Weaving leans forward onto my desk, his hands splayed out on its scarcely utilized surface. He smiles, as if he knows exactly what I'm thinking and has me exactly where he wants me. And, for a moment, perhaps he does. But it passes as my ears fold back, my tail flags, and my lips part in a silent stutter. I need to get out of here. With everything that's going wrong, I can't add this to my troubles. Trying desperately to come up with some excuse, my thoughts run together and turn to mush.

"I think you have the wrong person," I tell them as I stand up. "I can't help you. Please, I have--I have other cases to handle."

The wooden office chair rolls backwards with a clatter, and I hurriedly snatch up my casefile. As I try to bolt, Detective Weaving straightens and smoothly inserts himself between me and the door. As I bump into his chest, he throws his hands up and gives a gentle, toothy smile. The llama turns about, but doesn't close in.

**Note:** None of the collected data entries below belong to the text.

theorem theorem1:
  fixes P :: "'a measure"
    and Yp :: "nat \<Rightarrow> 'a \<Rightarrow> real"   \<comment> \<open>Yp 0 = Y_0, Yp 1 = Y_1\<close>
    and U Z :: "'a \<Rightarrow> real"
    and \<nu> :: "real \<Rightarrow> real"
    and K M :: nat
    and z :: "nat \<Rightarrow> real"
    and h :: "nat \<Rightarrow> real \<Rightarrow> real"
    and \<mu> :: "nat \<Rightarrow> real"
    and \<rho> :: "nat \<Rightarrow> nat \<Rightarrow> real"
    and D Y :: "'a \<Rightarrow> real"
    and F\<^sub>U p :: "real \<Rightarrow> real"
    and A :: "nat \<Rightarrow> real mat"
    and \<beta> \<theta> :: "nat \<Rightarrow> real vec"
  defines "D \<equiv> (\<lambda>\<omega>. if U \<omega> \<le> \<nu> (Z \<omega>) then 1 else 0)"
    and "Y \<equiv> (\<lambda>\<omega>. (1 - D \<omega>) * Yp 0 \<omega> + D \<omega> * Yp 1 \<omega>)"
    and "F\<^sub>U \<equiv> cdf (distr P borel U)"
    and "p \<equiv> (\<lambda>x. cond_prob P (\<lambda>\<omega>. D \<omega> = 1) (\<lambda>\<omega>. Z \<omega> = x))"
    and "A \<equiv> (\<lambda>d. mat (K + 1) (M + 1) (\<lambda>(l, m). lam h d m (p (z l))))"
    and "\<beta> \<equiv> (\<lambda>d. vec (K + 1)
                 (\<lambda>l. cond_expect_event P Y (\<lambda>\<omega>. D \<omega> = real d \<and> Z \<omega> = z l)))"
    and "\<theta> \<equiv> (\<lambda>d. vec (M + 1) (\<lambda>m. if m = 0 then \<mu> d else \<rho> d m))"
  assumes prob: "prob_space P"
    and meas_Y: "\<And>d. d \<in> {0, 1} \<Longrightarrow> Yp d \<in> borel_measurable P"
    and meas_U: "U \<in> borel_measurable P"
    and meas_Z: "Z \<in> borel_measurable P"
    and meas_\<nu>: "\<nu> \<in> borel_measurable borel"
    \<comment> \<open>Z is discrete with support {z_0,...,z_K}\<close>
    and z_inj: "inj_on z {0..K}"
    and Z_supp: "measure P {\<omega> \<in> space P. Z \<omega> \<in> z ` {0..K}} = 1"
    and Z_pos: "\<And>l. l \<le> K \<Longrightarrow> measure P {\<omega> \<in> space P. Z \<omega> = z l} > 0"
    \<comment> \<open>(1)\<close>
    and indep: "prob_space.indep_var P borel U borel Z"
    \<comment> \<open>(2)\<close>
    and mean_indep: "\<And>d. d \<in> {0, 1} \<Longrightarrow>
          AE \<omega> in P. real_cond_exp P (vimage_algebra (space P) (\<lambda>\<omega>. (Z \<omega>, U \<omega>)) borel) (Yp d) \<omega>
                    = real_cond_exp P (vimage_algebra (space P) U borel) (Yp d) \<omega>"
    and integ: "\<And>d. d \<in> {0, 1} \<Longrightarrow> integrable P (Yp d)"
    \<comment> \<open>(3)\<close>
    and U_cont: "\<And>x. measure P {\<omega> \<in> space P. U \<omega> = x} = 0"
    \<comment> \<open>(4)\<close>
    and p_bounds: "\<And>l. l \<le> K \<Longrightarrow> 0 < p (z l) \<and> p (z l) < 1"
    \<comment> \<open>(5)\<close>
    and h_cont: "\<And>m. m \<in> {1..M} \<Longrightarrow> continuous_on {0<..<1} (h m)"
    and h_int: "\<And>m. m \<in> {1..M} \<Longrightarrow> set_integrable lborel {0<..<1} (h m)"
    and MTE: "\<And>d. d \<in> {0, 1} \<Longrightarrow>
          AE \<omega> in P. real_cond_exp P (vimage_algebra (space P) (\<lambda>\<omega>. F\<^sub>U (U \<omega>)) borel) (Yp d) \<omega>
                    = \<mu> d + (\<Sum>m = 1..M. \<rho> d m * h m (F\<^sub>U (U \<omega>)))"
    \<comment> \<open>(6)\<close>
    and unisolv: "\<And>d. d \<in> {0, 1} \<Longrightarrow> unisolvent (M + 1) (lam h d) {0<..<1}"
    \<comment> \<open>(7)\<close>
    and rank_cond: "card (p ` z ` {0..K}) \<ge> M + 1"
  shows "\<forall>d \<in> {0, 1}.
           \<beta> d = A d *\<^sub>v \<theta> d
         \<and> vec_space.rank (K + 1) (A d) = M + 1
         \<and> (\<forall>t \<in> carrier_vec (M + 1). A d *\<^sub>v t = \<beta> d \<longrightarrow> t = \<theta> d)"
proof -
  interpret U: continuous_real_rv P U
    using prob meas_U U_cont by (simp add: continuous_real_rv_def continuous_real_rv_axioms_def)
  have p_eq: "p (z l) = F\<^sub>U (\<nu> (z l))" if "l \<le> K" for l
    using U.propensity_eq_cdf[OF indep Z_pos[OF that]] by (simp add: p_def D_def F\<^sub>U_def)
  have row: "\<beta> d $ l = (A d *\<^sub>v \<theta> d) $ l" if d: "d \<in> {0, 1}" and l: "l \<le> K" for d l
  proof -
    have q: "0 < F\<^sub>U (\<nu> (z l))" "F\<^sub>U (\<nu> (z l)) < 1"
      using p_bounds[OF l] p_eq[OF l] by auto
    have "\<beta> d $ l = cond_expect_event P Y (\<lambda>\<omega>. D \<omega> = real d \<and> Z \<omega> = z l)"
      using l by (simp add: \<beta>_def)
    also have "\<dots> = cond_expect_event P (Yp d) (\<lambda>\<omega>. U \<omega> \<in> selection_region d (\<nu> (z l)) \<and> Z \<omega> = z l)"
      using d by (intro cond_expect_event_cong) (auto simp: Y_def D_def selection_region_def)
    also have "\<dots> = (\<Sum>j<M + 1. lam h d j (F\<^sub>U (\<nu> (z l))) * (if j = 0 then \<mu> d else \<rho> d j))"
      using U.cond_expect_event_selection_region[OF indep integ[OF d] mean_indep[OF d]
          MTE[OF d, unfolded F\<^sub>U_def] h_int q[unfolded F\<^sub>U_def] Z_pos[OF l]]
      unfolding F\<^sub>U_def .
    also have "\<dots> = (A d *\<^sub>v \<theta> d) $ l"
      using l p_eq[OF l] by (simp add: A_def \<theta>_def scalar_prod_def atLeast0LessThan)
    finally show ?thesis .
  qed
  show ?thesis
  proof (rule ballI, intro conjI)
    fix d :: nat assume d: "d \<in> {0, 1}"
    have card: "M + 1 \<le> card ((\<lambda>l. p (z l)) ` {..<K + 1})"
      using rank_cond by (simp add: image_image atLeast0AtMost lessThan_Suc_atMost)
    have nodes: "\<And>l. l < K + 1 \<Longrightarrow> p (z l) \<in> {0<..<1}" using p_bounds by auto
    show eq: "\<beta> d = A d *\<^sub>v \<theta> d"
    proof (rule eq_vecI)
      fix l assume "l < dim_vec (A d *\<^sub>v \<theta> d)"
      then show "\<beta> d $ l = (A d *\<^sub>v \<theta> d) $ l" by (intro row[OF d]) (simp add: A_def)
    qed (simp add: \<beta>_def A_def)
    show "vec_space.rank (K + 1) (A d) = M + 1"
      unfolding A_def by (rule unisolvent_collocation_rank[OF unisolv[OF d] nodes card])
    show "\<forall>t \<in> carrier_vec (M + 1). A d *\<^sub>v t = \<beta> d \<longrightarrow> t = \<theta> d"
      using unisolvent_collocation_inj[OF unisolv[OF d] nodes card] eq unfolding A_def
      by (auto simp: \<theta>_def)
  qed
qed

end
definition phihat :: "'w measure \<Rightarrow> ('x \<Rightarrow> 'x \<Rightarrow> 'w \<Rightarrow> real) \<Rightarrow> 'x \<Rightarrow> 'x \<Rightarrow> ennreal" where
  "phihat \<nu> \<phi> x y = (\<integral>\<^sup>+ \<eta>. ennreal (\<phi> x y \<eta>) \<partial>\<nu>)"

definition Vop :: "('x \<Rightarrow> 'x measure) \<Rightarrow> 'w measure \<Rightarrow> ('x \<Rightarrow> 'x \<Rightarrow> 'w \<Rightarrow> real)
    \<Rightarrow> ('x \<Rightarrow> real) \<Rightarrow> 'x \<Rightarrow> real" where
  "Vop K \<nu> \<phi> h x = (\<integral>y. h y * enn2real (phihat \<nu> \<phi> x y) \<partial>(K x))"

definition ghat_enn :: "('x \<Rightarrow> 'x measure) \<Rightarrow> 'w measure \<Rightarrow> ('x \<Rightarrow> 'x \<Rightarrow> 'w \<Rightarrow> real)
    \<Rightarrow> ('x \<Rightarrow> 'x \<Rightarrow> 'w \<Rightarrow> real) \<Rightarrow> 'x \<Rightarrow> ennreal" where
  "ghat_enn K \<nu> \<phi> g x = (\<integral>\<^sup>+ y. (\<integral>\<^sup>+ \<eta>. ennreal (\<phi> x y \<eta> * g x y \<eta>) \<partial>\<nu>) \<partial>(K x))"

definition ghat :: "('x \<Rightarrow> 'x measure) \<Rightarrow> 'w measure \<Rightarrow> ('x \<Rightarrow> 'x \<Rightarrow> 'w \<Rightarrow> real)
    \<Rightarrow> ('x \<Rightarrow> 'x \<Rightarrow> 'w \<Rightarrow> real) \<Rightarrow> 'x \<Rightarrow> real" where
  "ghat K \<nu> \<phi> g x = enn2real (ghat_enn K \<nu> \<phi> g x)"

definition Top :: "('x \<Rightarrow> 'x measure) \<Rightarrow> 'w measure \<Rightarrow> ('x \<Rightarrow> 'x \<Rightarrow> 'w \<Rightarrow> real)
    \<Rightarrow> ('x \<Rightarrow> 'x \<Rightarrow> 'w \<Rightarrow> real) \<Rightarrow> ('x \<Rightarrow> real) \<Rightarrow> 'x \<Rightarrow> real" where
  "Top K \<nu> \<phi> g h x = Vop K \<nu> \<phi> h x + ghat K \<nu> \<phi> g x"

definition standing_setting :: "'x::polish_space measure \<Rightarrow> ('x \<Rightarrow> 'x measure) \<Rightarrow> 'w measure
    \<Rightarrow> ('x \<Rightarrow> 'x \<Rightarrow> 'w \<Rightarrow> real) \<Rightarrow> ('x \<Rightarrow> 'x \<Rightarrow> 'w \<Rightarrow> real) \<Rightarrow> bool" where
  "standing_setting \<pi> K \<nu> \<phi> g \<longleftrightarrow>
     prob_space \<pi> \<and> sets \<pi> = sets borel \<and>
     K \<in> borel \<rightarrow>\<^sub>M prob_algebra borel \<and>
     (\<forall>B\<in>sets borel. emeasure \<pi> B = (\<integral>\<^sup>+ x. emeasure (K x) B \<partial>\<pi>)) \<and>
     prob_space \<nu> \<and>
     (\<lambda>(x, y, \<eta>). \<phi> x y \<eta>) \<in> borel_measurable (borel \<Otimes>\<^sub>M borel \<Otimes>\<^sub>M \<nu>) \<and>
     (\<lambda>(x, y, \<eta>). g x y \<eta>) \<in> borel_measurable (borel \<Otimes>\<^sub>M borel \<Otimes>\<^sub>M \<nu>) \<and>
     (\<forall>x y \<eta>. 0 \<le> \<phi> x y \<eta>) \<and> (\<forall>x y \<eta>. 0 \<le> g x y \<eta>)"

text \<open>A1: phi > 0 everywhere and P(G_t > 0) > 0, where (X_t, X_{t+1}, eta_{t+1}) has
  joint law pi(dx) Pi(x,dy) nu(d eta).\<close>
definition A1 :: "'x::polish_space measure \<Rightarrow> ('x \<Rightarrow> 'x measure) \<Rightarrow> 'w measure
    \<Rightarrow> ('x \<Rightarrow> 'x \<Rightarrow> 'w \<Rightarrow> real) \<Rightarrow> ('x \<Rightarrow> 'x \<Rightarrow> 'w \<Rightarrow> real) \<Rightarrow> bool" where
  "A1 \<pi> K \<nu> \<phi> g \<longleftrightarrow>
     (\<forall>x y \<eta>. 0 < \<phi> x y \<eta>) \<and>
     0 < (\<integral>\<^sup>+ x. (\<integral>\<^sup>+ y. (\<integral>\<^sup>+ \<eta>. indicator {\<eta>. 0 < g x y \<eta>} \<eta> \<partial>\<nu>) \<partial>(K x)) \<partial>\<pi>)"

definition A2 :: "'x::polish_space measure \<Rightarrow> ('x \<Rightarrow> 'x measure) \<Rightarrow> bool" where
  "A2 \<pi> K \<longleftrightarrow>
     (\<forall>B\<in>sets borel. 0 < measure \<pi> B \<longrightarrow> (\<forall>x. \<exists>n\<ge>1. 0 < measure (kernel_pow K n x) B))"

definition compact_Lp_op :: "'a measure \<Rightarrow> real \<Rightarrow> (('a \<Rightarrow> real) \<Rightarrow> ('a \<Rightarrow> real)) \<Rightarrow> bool" where
  "compact_Lp_op M p A \<longleftrightarrow>
     (\<forall>hs :: nat \<Rightarrow> 'a \<Rightarrow> real. (\<forall>n. Lp_mem M p (hs n)) \<and> bounded (range (\<lambda>n. Lp_norm M p (hs n))) \<longrightarrow>
        (\<exists>(r :: nat \<Rightarrow> nat) (f :: 'a \<Rightarrow> real). strict_mono r \<and> Lp_mem M p f \<and>
           (\<lambda>n. Lp_norm M p (\<lambda>x. A (hs (r n)) x - f x)) \<longlonglongrightarrow> 0))"

text \<open>A3 (with constant p): ghat in H_p; V maps L_p(pi) into itself (the defining
  integral converges absolutely for pi-a.e. x and Vh lies in L_p); some power of V compact.\<close>
definition A3 :: "'x::polish_space measure \<Rightarrow> ('x \<Rightarrow> 'x measure) \<Rightarrow> 'w measure
    \<Rightarrow> ('x \<Rightarrow> 'x \<Rightarrow> 'w \<Rightarrow> real) \<Rightarrow> ('x \<Rightarrow> 'x \<Rightarrow> 'w \<Rightarrow> real) \<Rightarrow> real \<Rightarrow> bool" where
  "A3 \<pi> K \<nu> \<phi> g p \<longleftrightarrow>
     1 \<le> p \<and>
     (AE x in \<pi>. ghat_enn K \<nu> \<phi> g x < \<infinity>) \<and> Hp \<pi> p (ghat K \<nu> \<phi> g) \<and>
     (\<forall>h. Lp_mem \<pi> p h \<longrightarrow>
        (AE x in \<pi>. (\<integral>\<^sup>+ y. ennreal \<bar>h y\<bar> * phihat \<nu> \<phi> x y \<partial>(K x)) < \<infinity>) \<and>
        Lp_mem \<pi> p (Vop K \<nu> \<phi> h)) \<and>
     (\<exists>i. compact_Lp_op \<pi> p (Vop K \<nu> \<phi> ^^ i))"

end

theory Submission
  imports Defs
begin

text \<open>If \<open>h\<close> is a fixed point of \<open>T\<close>, the constant orbit \<open>g\<^sub>0 = h\<close> converges.
  Conversely, suppose \<open>T\<^sup>n g\<^sub>0 \<rightarrow> h\<close> in \<open>L\<^sub>p(\<pi>)\<close>. Along a subsequence both \<open>T\<^sup>n g\<^sub>0\<close> and
  \<open>T\<^sup>n\<^sup>+\<^sup>1 g\<^sub>0\<close> converge to \<open>h\<close> \<open>\<pi>\<close>-a.e.; by stationarity a \<open>\<pi>\<close>-null set is \<open>\<Pi>(x,\<cdot>)\<close>-null
  for \<open>\<pi>\<close>-a.e. \<open>x\<close>, so Fatou's lemma under \<open>\<Pi>(x,\<cdot>)\<close> gives \<open>Th \<le> h\<close>. As \<open>T\<close> is monotone,
  the iterates \<open>T\<^sup>n 0\<close> increase and stay below \<open>h\<close>; their pointwise limit is dominated by \<open>h\<close>,
  hence in \<open>H\<^sub>p\<close>, and is a fixed point by dominated convergence.\<close>

lemma abs_add_powr_le:
  fixes a b p :: real
  assumes "0 \<le> p"
  shows "\<bar>a + b\<bar> powr p \<le> 2 powr p * (\<bar>a\<bar> powr p + \<bar>b\<bar> powr p)"
proof -
  have "\<bar>a + b\<bar> powr p \<le> (2 * max \<bar>a\<bar> \<bar>b\<bar>) powr p"
    using assms by (intro powr_mono2) auto
  also have "\<dots> = 2 powr p * max \<bar>a\<bar> \<bar>b\<bar> powr p"
    by (simp add: powr_mult)
  also have "\<dots> \<le> 2 powr p * (\<bar>a\<bar> powr p + \<bar>b\<bar> powr p)"
    by (intro mult_left_mono) (auto simp: max_def)
  finally show ?thesis .
qed

lemma Lp_mem_zero: "Lp_mem M p (\<lambda>_. 0)"
  by (simp add: Lp_mem_def)

lemma Lp_mem_dominated:
  assumes "0 \<le> p" "u \<in> borel_measurable M" "Lp_mem M p h" "AE x in M. \<bar>u x\<bar> \<le> \<bar>h x\<bar>"
  shows "Lp_mem M p u"
  unfolding Lp_mem_def
proof
  show "integrable M (\<lambda>x. \<bar>u x\<bar> powr p)"
  proof (rule Bochner_Integration.integrable_bound)
    show "integrable M (\<lambda>x. \<bar>h x\<bar> powr p)"
      using assms(3) by (simp add: Lp_mem_def)
    show "AE x in M. norm (\<bar>u x\<bar> powr p) \<le> norm (\<bar>h x\<bar> powr p)"
      using assms(4) by eventually_elim (use assms(1) in \<open>auto intro: powr_mono2\<close>)
  qed (use assms(2) in measurable)
qed fact

lemma Lp_mem_add:
  assumes "0 \<le> p" "Lp_mem M p a" "Lp_mem M p b"
  shows "Lp_mem M p (\<lambda>x. a x + b x)"
proof -
  have [measurable]: "a \<in> borel_measurable M" "b \<in> borel_measurable M"
    using assms by (auto simp: Lp_mem_def)
  have "integrable M (\<lambda>x. \<bar>a x + b x\<bar> powr p)"
  proof (rule Bochner_Integration.integrable_bound)
    show "integrable M (\<lambda>x. 2 powr p * (\<bar>a x\<bar> powr p + \<bar>b x\<bar> powr p))"
      using assms by (simp add: Lp_mem_def)
    show "AE x in M. norm (\<bar>a x + b x\<bar> powr p) \<le> norm (2 powr p * (\<bar>a x\<bar> powr p + \<bar>b x\<bar> powr p))"
      using abs_add_powr_le[OF assms(1)] by auto
  qed measurable
  then show ?thesis by (simp add: Lp_mem_def)
qed

lemma Lp_mem_diff:
  assumes "0 \<le> p" "Lp_mem M p a" "Lp_mem M p b"
  shows "Lp_mem M p (\<lambda>x. a x - b x)"
  using Lp_mem_add[OF assms(1,2), of "\<lambda>x. - b x"] assms(3) by (simp add: Lp_mem_def)

lemma Lp_norm_eq_0_AE:
  assumes "AE x in M. f x = 0"
  shows "Lp_norm M p f = 0"
proof -
  have "(\<integral>x. \<bar>f x\<bar> powr p \<partial>M) = 0"
    using assms by (intro integral_eq_zero_AE) (auto elim!: eventually_mono)
  then show ?thesis by (simp add: Lp_norm_def)
qed

lemma Lp_norm_tendsto_0_imp_AE_subseq:
  assumes p: "0 < p" and v: "\<And>n. Lp_mem M p (v n)"
    and lim: "(\<lambda>n. Lp_norm M p (v n)) \<longlonglongrightarrow> 0"
  shows "\<exists>r. strict_mono r \<and> (AE x in M. (\<lambda>n. v (r n) x) \<longlonglongrightarrow> 0)"
proof -
  have "(\<integral>x. \<bar>v n x\<bar> powr p \<partial>M) = Lp_norm M p (v n) powr p" for n
    using p by (simp add: Lp_norm_def powr_powr integral_nonneg_AE)
  moreover have "(\<lambda>n. Lp_norm M p (v n) powr p) \<longlonglongrightarrow> 0"
    using p by (intro tendsto_zero_powrI[OF lim tendsto_const]) (auto simp: Lp_norm_def)
  ultimately have "(\<lambda>n. \<integral>x. norm (\<bar>v n x\<bar> powr p) \<partial>M) \<longlonglongrightarrow> 0"
    by simp
  moreover have "integrable M (\<lambda>x. \<bar>v n x\<bar> powr p)" for n
    using v by (simp add: Lp_mem_def)
  ultimately obtain r where r: "strict_mono r" "AE x in M. (\<lambda>n. \<bar>v (r n) x\<bar> powr p) \<longlonglongrightarrow> 0"
    using tendsto_L1_AE_subseq[of M "\<lambda>n x. \<bar>v n x\<bar> powr p"] by auto
  have "AE x in M. (\<lambda>n. v (r n) x) \<longlonglongrightarrow> 0"
    using r(2)
  proof eventually_elim
    case (elim x)
    have "(\<lambda>n. (\<bar>v (r n) x\<bar> powr p) powr (1 / p)) \<longlonglongrightarrow> 0"
      using p by (intro tendsto_zero_powrI[OF elim tendsto_const]) auto
    then show ?case
      using p by (simp add: powr_powr tendsto_rabs_zero_iff)
  qed
  with r(1) show ?thesis by blast
qed

lemma Lp_tendsto_imp_AE_subseq_Suc:
  assumes p: "0 < p" and v: "\<And>n. Lp_mem M p (v n)" and h: "Lp_mem M p h"
    and lim: "(\<lambda>n. Lp_norm M p (\<lambda>x. v n x - h x)) \<longlonglongrightarrow> 0"
  shows "\<exists>r. strict_mono r \<and>
    (AE x in M. (\<lambda>n. v (r n) x) \<longlonglongrightarrow> h x \<and> (\<lambda>n. v (Suc (r n)) x) \<longlonglongrightarrow> h x)"
proof -
  have diff: "Lp_mem M p (\<lambda>x. v n x - h x)" for n
    using p v h by (intro Lp_mem_diff) auto
  obtain r where r: "strict_mono r" "AE x in M. (\<lambda>n. v (r n) x - h x) \<longlonglongrightarrow> 0"
    using Lp_norm_tendsto_0_imp_AE_subseq[OF p diff lim] by blast
  have "(\<lambda>n. Lp_norm M p (\<lambda>x. v (Suc (r n)) x - h x)) \<longlonglongrightarrow> 0"
    using LIMSEQ_subseq_LIMSEQ[OF LIMSEQ_Suc[OF lim] r(1)] by (simp add: o_def)
  then obtain s where s: "strict_mono s" "AE x in M. (\<lambda>n. v (Suc (r (s n))) x - h x) \<longlonglongrightarrow> 0"
    using Lp_norm_tendsto_0_imp_AE_subseq[OF p, where v="\<lambda>n x. v (Suc (r n)) x - h x"] diff
    by blast
  have "AE x in M. (\<lambda>n. v (r (s n)) x) \<longlonglongrightarrow> h x \<and> (\<lambda>n. v (Suc (r (s n))) x) \<longlonglongrightarrow> h x"
    using r(2) s(2)
  proof eventually_elim
    case (elim x)
    then show ?case
      using LIMSEQ_subseq_LIMSEQ[OF elim(1) s(1)] by (simp add: o_def LIM_zero_iff)
  qed
  moreover have "strict_mono (r \<circ> s)"
    using r(1) s(1) by (rule strict_mono_o)
  ultimately show ?thesis by (auto simp: o_def)
qed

"That's ok, we know you're busy," Weaving gently says with a shake of his head, his brow resting high upon his forehead. "But please, if you change your mind, if you think of anything that might be of value to us, don't hesitate to call us."

With unparalleled grace, Weaving produces an unblemished white business card with his contact information on it. My eyes snap to it uncertainly and then politely retrieve it from his fingers. Satisfied, he steps to the side and allows me to pass. Cudder simply smiles and nods a silent goodbye as I cross the room. A feeling of cool relief rushes down my back as I near the door. After I pass the threshold into the hallway beyond, I throw my back against the wall and peer around the corner to observe them. The Rat Squad.

Weaving has returned to looking out the window, his arms hugged over his chest. Cudder has kneeled down to retrieve the note I crumpled up. It makes me wish I had shredded it instead. As he uncurls the hate mail, I turn and scurry towards the stairs with the intense desire to go somewhere, anywhere coursing through my blood. There's too much going on, I can't parse it all. I need something to make sense.

And as I reach my car in my detective's reserved spot, I leave to find it.